= Ishwar Singh (politician, born 1926) =

Indian politician (1926–1998)

Chaudhary Ishwar Singh (5 November 1926 – 1998) was a leader of the Congress Party and served as the speaker of Haryana Vidhan Sabha from 1991 to 1996. He was elected as MLA for four times by the electorates of Pundri constituency of Haryana. He is well known for his contribution to uplift the poor and oppressed people in the society and for uplifting girls to get higher education by building 3 degree colleges in the constituency of Pundri.

==Background==
Chaudhary Ishwar Singh was born on 5 November 1926 in the house of a poor farmer of village Staundi of Karnal District, Haryana. He received early education in his native village and then moved to Panipat from where he came out in his matriculation examination with flying colors. Then he moved to Rohtak and obtained his degree in Bachelors of Arts. to obtain his license of teaching degree he moved to Meerut. During his stay at these centers of learning certain incidents occurred which in a way determined the future course of Chaudhary Ishwar Singh's life. His teachers were very much impressed by his learning habits and took keen interest in grooming him into a great scholar. This quest of his knowledge took him to different places which left indelible imprint on his adolescent and young formative mind. During his student days he went through the teachings and message of Swami Vivekananda which provided Chaudhary Ishwar Singh with a purpose for social action, although he could not have stimulus of a personal contact with the Swami. He decided to mitigate the social evils illiteracy, poverty and hunger which affected the rural people.

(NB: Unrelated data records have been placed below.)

lemma SPL_no_pareto_improvement:
  assumes N: "finite N" and R: "\<And>i. i \<in> N \<Longrightarrow> R i \<in> SPL"
    and nonneg: "\<And>i. i \<in> N \<Longrightarrow> 0 \<le> x i \<and> 0 \<le> y i" and sums: "sum y N = sum x N"
    and weakly_better: "\<And>i. i \<in> N \<Longrightarrow> R i (ennreal (y i)) (ennreal (x i))"
    and position: "(\<forall>i\<in>N. ennreal (x i) \<le> peak_lo (R i)) \<or> (\<forall>i\<in>N. peak_hi (R i) \<le> ennreal (x i))
      \<or> (\<forall>i\<in>N. ennreal (x i) \<in> peak (R i))"
    and k: "k \<in> N"
  shows "\<not> strict (R k) (ennreal (y k)) (ennreal (x k))"
  using position
proof (elim disjE)
  assume "\<forall>i\<in>N. ennreal (x i) \<le> peak_lo (R i)"
  then have "x i \<le> y i" if "i \<in> N" for i
    using SPL_ge_if_pref_left R nonneg weakly_better that by blast
  then have "x k = y k"
    using sum_mono_inv[OF sums[symmetric] _ k N] by blast
  then show ?thesis by (simp add: strict_irrefl)
next
  assume "\<forall>i\<in>N. peak_hi (R i) \<le> ennreal (x i)"
  then have "y i \<le> x i" if "i \<in> N" for i
    using SPL_le_if_pref_right R nonneg weakly_better that by blast
  then have "y k = x k"
    using sum_mono_inv[OF sums _ k N] by blast
  then show ?thesis by (simp add: strict_irrefl)
next
  assume "\<forall>i\<in>N. ennreal (x i) \<in> peak (R i)"
  then show ?thesis
    using k peak_best unfolding strict_def by blast
qed

section \<open>A good rule on the single-plateaued domain\<close>

definition interpolate :: "'a set \<Rightarrow> ('a \<Rightarrow> real) \<Rightarrow> ('a \<Rightarrow> real) \<Rightarrow> real \<Rightarrow> 'a \<Rightarrow> real" where
  "interpolate N L H \<Omega> i = L i + (\<Omega> - sum L N) / (\<Sum>j\<in>N. H j - L j) * (H i - L i)"

lemma interpolate_weight:
  fixes L H :: "'a \<Rightarrow> real"
  assumes "finite N" "\<And>j. j \<in> N \<Longrightarrow> L j \<le> H j" "sum L N \<le> \<Omega>" "\<Omega> \<le> sum H N"
  shows "0 \<le> (\<Omega> - sum L N) / (\<Sum>j\<in>N. H j - L j)" "(\<Omega> - sum L N) / (\<Sum>j\<in>N. H j - L j) \<le> 1"
proof -
  have d: "(\<Sum>j\<in>N. H j - L j) = sum H N - sum L N"
    by (rule sum_subtractf)
  show "0 \<le> (\<Omega> - sum L N) / (\<Sum>j\<in>N. H j - L j)"
    unfolding d using assms by simp
  show "(\<Omega> - sum L N) / (\<Sum>j\<in>N. H j - L j) \<le> 1"
    unfolding d using assms by (cases "sum L N = sum H N") (auto simp: divide_le_eq_1)
qed

lemma interpolate_bounds:
  assumes "finite N" "\<And>j. j \<in> N \<Longrightarrow> L j \<le> H j" "sum L N \<le> \<Omega>" "\<Omega> \<le> sum H N" "i \<in> N"
  shows "L i \<le> interpolate N L H \<Omega> i" "interpolate N L H \<Omega> i \<le> H i"
proof -
  define \<theta> where "\<theta> = (\<Omega> - sum L N) / (\<Sum>j\<in>N. H j - L j)"
  have "0 \<le> \<theta>" "\<theta> \<le> 1" "L i \<le> H i"
    using interpolate_weight[OF assms(1-4)] assms(2,5) by (simp_all add: \<theta>_def)
  then have "0 \<le> \<theta> * (H i - L i)" "\<theta> * (H i - L i) \<le> H i - L i"
    by (simp_all add: mult_left_le_one_le)
  then show "L i \<le> interpolate N L H \<Omega> i" "interpolate N L H \<Omega> i \<le> H i"
    unfolding interpolate_def \<theta>_def[symmetric] by simp_all
qed

lemma interpolate_sum:
  assumes "finite N" "\<And>j. j \<in> N \<Longrightarrow> L j \<le> H j" "sum L N \<le> \<Omega>" "\<Omega> \<le> sum H N"
  shows "sum (interpolate N L H \<Omega>) N = \<Omega>"
proof -
  define d where "d = (\<Sum>j\<in>N. H j - L j)"
  have "sum (interpolate N L H \<Omega>) N = sum L N + (\<Omega> - sum L N) / d * d"
    by (simp add: interpolate_def d_def sum.distrib sum_distrib_left)
  also have "(\<Omega> - sum L N) / d * d = \<Omega> - sum L N"
    using assms by (cases "d = 0") (simp_all add: d_def sum_subtractf)
  finally show ?thesis by simp
qed

definition cap :: "real \<Rightarrow> ennreal \<Rightarrow> real" where
  "cap \<Omega> a = enn2real (min a (ennreal \<Omega>))"

lemma ennreal_cap: "ennreal (cap \<Omega> a) = min a (ennreal \<Omega>)"
  unfolding cap_def by (simp add: min_less_iff_disj)

lemma cap_nonneg: "0 \<le> cap \<Omega> a"
  unfolding cap_def by simp

lemma cap_mono: "a \<le> b \<Longrightarrow> cap \<Omega> a \<le> cap \<Omega> b"
  unfolding cap_def by (rule enn2real_mono) (auto simp: min.coboundedI1 min_less_iff_disj)

lemma cap_less_imp_eq: "cap \<Omega> a < \<Omega> \<Longrightarrow> ennreal (cap \<Omega> a) = a"
  using ennreal_cap[of \<Omega> a] cap_nonneg[of \<Omega> a]
  by (metis ennreal_less_iff min_def nless_le)

lemma equal_share:
  assumes "finite N" "N \<noteq> {}" "0 \<le> \<Omega>"
  shows "0 \<le> \<Omega> / real (card N)" "\<Omega> / real (card N) \<le> \<Omega>" "(\<Sum>j\<in>N. \<Omega> / real (card N)) = \<Omega>"
proof -
  have "1 \<le> real (card N)"
    using assms by (simp add: Suc_le_eq card_gt_0_iff)
  then show "0 \<le> \<Omega> / real (card N)" "\<Omega> / real (card N) \<le> \<Omega>" "(\<Sum>j\<in>N. \<Omega> / real (card N)) = \<Omega>"
    using assms(3) by (simp_all add: divide_le_eq mult_le_cancel_left1)
qed

text \<open>Peaks are capped at \<open>\<Omega>\<close> to make them real.\<close>

definition share :: "'a set \<Rightarrow> ('a \<Rightarrow> ennreal) \<Rightarrow> ('a \<Rightarrow> ennreal) \<Rightarrow> real \<Rightarrow> 'a \<Rightarrow> real" where
  "share N lo hi \<Omega> =
     (let c = \<Omega> / real (card N); L = (\<lambda>j. cap \<Omega> (lo j)); H = (\<lambda>j. cap \<Omega> (hi j))
      in if \<Omega> \<le> sum L N then interpolate N (\<lambda>j. min (L j) c) L \<Omega>
         else if sum H N < \<Omega> then interpolate N H (\<lambda>j. max (H j) c) \<Omega>
         else interpolate N L H \<Omega>)"

lemma share_left_of_plateaus:
  assumes N: "finite N" "N \<noteq> {}" and \<Omega>: "0 \<le> \<Omega>" and demand: "\<Omega> \<le> (\<Sum>j\<in>N. cap \<Omega> (lo j))"
  defines "c \<equiv> \<Omega> / real (card N)"
  shows "sum (share N lo hi \<Omega>) N = \<Omega>"
    and "i \<in> N \<Longrightarrow> 0 \<le> share N lo hi \<Omega> i \<and> min (lo i) (ennreal c) \<le> ennreal (share N lo hi \<Omega> i)
           \<and> ennreal (share N lo hi \<Omega> i) \<le> lo i"
proof -
  have c: "0 \<le> c" "c \<le> \<Omega>" "sum (\<lambda>_. c) N = \<Omega>"
    using equal_share[OF N \<Omega>] by (simp_all add: c_def)
  have "sum (\<lambda>j. min (cap \<Omega> (lo j)) c) N \<le> sum (\<lambda>_. c) N"
    by (rule sum_mono) simp
  then have bounds: "finite N" "\<And>j. j \<in> N \<Longrightarrow> min (cap \<Omega> (lo j)) c \<le> cap \<Omega> (lo j)"
      "sum (\<lambda>j. min (cap \<Omega> (lo j)) c) N \<le> \<Omega>" "\<Omega> \<le> (\<Sum>j\<in>N. cap \<Omega> (lo j))"
    using N c demand by simp_all
  have eq: "share N lo hi \<Omega> = interpolate N (\<lambda>j. min (cap \<Omega> (lo j)) c) (\<lambda>j. cap \<Omega> (lo j)) \<Omega>"
    using demand unfolding share_def c_def Let_def by simp
  show "sum (share N lo hi \<Omega>) N = \<Omega>"
    unfolding eq by (rule interpolate_sum[OF bounds])
  assume "i \<in> N"
  note b = interpolate_bounds[OF bounds this, folded eq]
  have "0 \<le> share N lo hi \<Omega> i"
    using b(1) c(1) cap_nonneg[of \<Omega> "lo i"] by linarith
  moreover have "min (lo i) (ennreal c) \<le> ennreal (share N lo hi \<Omega> i)"
  proof -
    have "ennreal (min (cap \<Omega> (lo i)) c) = min (min (lo i) (ennreal \<Omega>)) (ennreal c)"
      using c(1) cap_nonneg[of \<Omega> "lo i"] by (simp add: min_ennreal[symmetric] ennreal_cap)
    moreover have "min (lo i) (ennreal c) \<le> min (min (lo i) (ennreal \<Omega>)) (ennreal c)"
      using ennreal_leI[OF c(2)] by (auto simp: min_def)
    ultimately have "min (lo i) (ennreal c) \<le> ennreal (min (cap \<Omega> (lo i)) c)"
      by simp
    also have "\<dots> \<le> ennreal (share N lo hi \<Omega> i)"
      using b(1) by (rule ennreal_leI)
    finally show ?thesis .
  qed
  moreover have "ennreal (share N lo hi \<Omega> i) \<le> lo i"
    using ennreal_leI[OF b(2)] ennreal_cap[of \<Omega> "lo i"] by simp
  ultimately show "0 \<le> share N lo hi \<Omega> i \<and> min (lo i) (ennreal c) \<le> ennreal (share N lo hi \<Omega> i)
           \<and> ennreal (share N lo hi \<Omega> i) \<le> lo i" by blast
qed

lemma share_right_of_plateaus:
  assumes N: "finite N" "N \<noteq> {}" and \<Omega>: "0 \<le> \<Omega>"
    and no_overdemand: "\<not> \<Omega> \<le> (\<Sum>j\<in>N. cap \<Omega> (lo j))" and underdemand: "(\<Sum>j\<in>N. cap \<Omega> (hi j)) < \<Omega>"
  defines "c \<equiv> \<Omega> / real (card N)"
  shows "sum (share N lo hi \<Omega>) N = \<Omega>"
    and "i \<in> N \<Longrightarrow> 0 \<le> share N lo hi \<Omega> i \<and> hi i \<le> ennreal (share N lo hi \<Omega> i)
           \<and> ennreal (share N lo hi \<Omega> i) \<le> max (hi i) (ennreal c)"
proof -
  have c: "0 \<le> c" "sum (\<lambda>_. c) N = \<Omega>"
    using equal_share[OF N \<Omega>] by (simp_all add: c_def)
  have "sum (\<lambda>_. c) N \<le> sum (\<lambda>j. max (cap \<Omega> (hi j)) c) N"
    by (rule sum_mono) simp
  then have bounds: "finite N" "\<And>j. j \<in> N \<Longrightarrow> cap \<Omega> (hi j) \<le> max (cap \<Omega> (hi j)) c"
      "(\<Sum>j\<in>N. cap \<Omega> (hi j)) \<le> \<Omega>" "\<Omega> \<le> sum (\<lambda>j. max (cap \<Omega> (hi j)) c) N"
    using N c underdemand by simp_all
  have eq: "share N lo hi \<Omega> = interpolate N (\<lambda>j. cap \<Omega> (hi j)) (\<lambda>j. max (cap \<Omega> (hi j)) c) \<Omega>"
    using no_overdemand underdemand unfolding share_def c_def Let_def by simp
  show "sum (share N lo hi \<Omega>) N = \<Omega>"
    unfolding eq by (rule interpolate_sum[OF bounds])
  assume i: "i \<in> N"
  note b = interpolate_bounds[OF bounds i, folded eq]
  have "cap \<Omega> (hi i) \<le> (\<Sum>j\<in>N. cap \<Omega> (hi j))"
    by (rule member_le_sum[OF i cap_nonneg N(1)])
  then have hi: "ennreal (cap \<Omega> (hi i)) = hi i"
    using underdemand by (intro cap_less_imp_eq) simp
  have "0 \<le> share N lo hi \<Omega> i"
    using b(1) cap_nonneg[of \<Omega> "hi i"] by linarith
  moreover have "hi i \<le> ennreal (share N lo hi \<Omega> i)"
    using ennreal_leI[OF b(1)] hi by simp
  moreover have "ennreal (share N lo hi \<Omega> i) \<le> max (hi i) (ennreal c)"
  proof -
    have "mono ennreal"
      by (rule monoI) (rule ennreal_leI)
    then have "max (hi i) (ennreal c) = ennreal (max (cap \<Omega> (hi i)) c)"
      using max_of_mono hi by metis
    then show ?thesis
      using ennreal_leI[OF b(2)] by simp
  qed
  ultimately show "0 \<le> share N lo hi \<Omega> i \<and> hi i \<le> ennreal (share N lo hi \<Omega> i)
           \<and> ennreal (share N lo hi \<Omega> i) \<le> max (hi i) (ennreal c)" by blast
qed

After he obtained hi L.T Degree, instead of competing for any lucrative government jobs he chose to join the teaching profession which suited his temperament and qualifications as he considered it a noble profession to serve the community. In his very first attempt he was selected by the interview board and the education department issued him appointment letter for the post of social studies teacher and posted him at Government High School, Samalkha (Karnal). Though his academic quest came to an end with his joining first as a teacher and then in active politics yet his quest for learning remained a lifelong passion for him.

==Political career==
Chaudhary Ishwar Singh was elected to the Haryana Assembly as an independent candidate for the first time in 1968 and then again in 1972, 1982 and 1991 on Congress party ticket. He was a man of vision and was very instrumental in setting up many educational institutions. He served as the Speaker of the Haryana Vidhan Sabha from 1991 to 1996 under the last Bhajan Lal government of Haryana.

==Social contribution==
He wielded tremendous influence due to his closeness to Bhajan Lal, the stalwart Bishnoi leader and Chief Minister of Haryana on several occasions. Apart from that, Ishwar Singh Ji did a lot of social work. He ensured the opening of many educational institutions in his constituency of Pundri. He also had a power station built close to the village of Kaul. He stressed on women education. He always said that "if a male is educated a family will be educated but if a female will educated the whole society will be educated". In this context he established three women colleges named as Ch. Ishwar Singh Kanya Mahavidyalaya, Fatehpur-Pundri (Kaithal) www.ciskmv.org in 1984, and Ch. Ishwar Singh Kanya Mahavidyalaya, Dhand-Dadwana (Kaithal), Ch. Ishwar Singh Mahila Shikshan Mahavidyalaya, Fatehpur-Pundri (Kaithal) in 1994. These colleges imparting higher education to the girls of about sixty villages.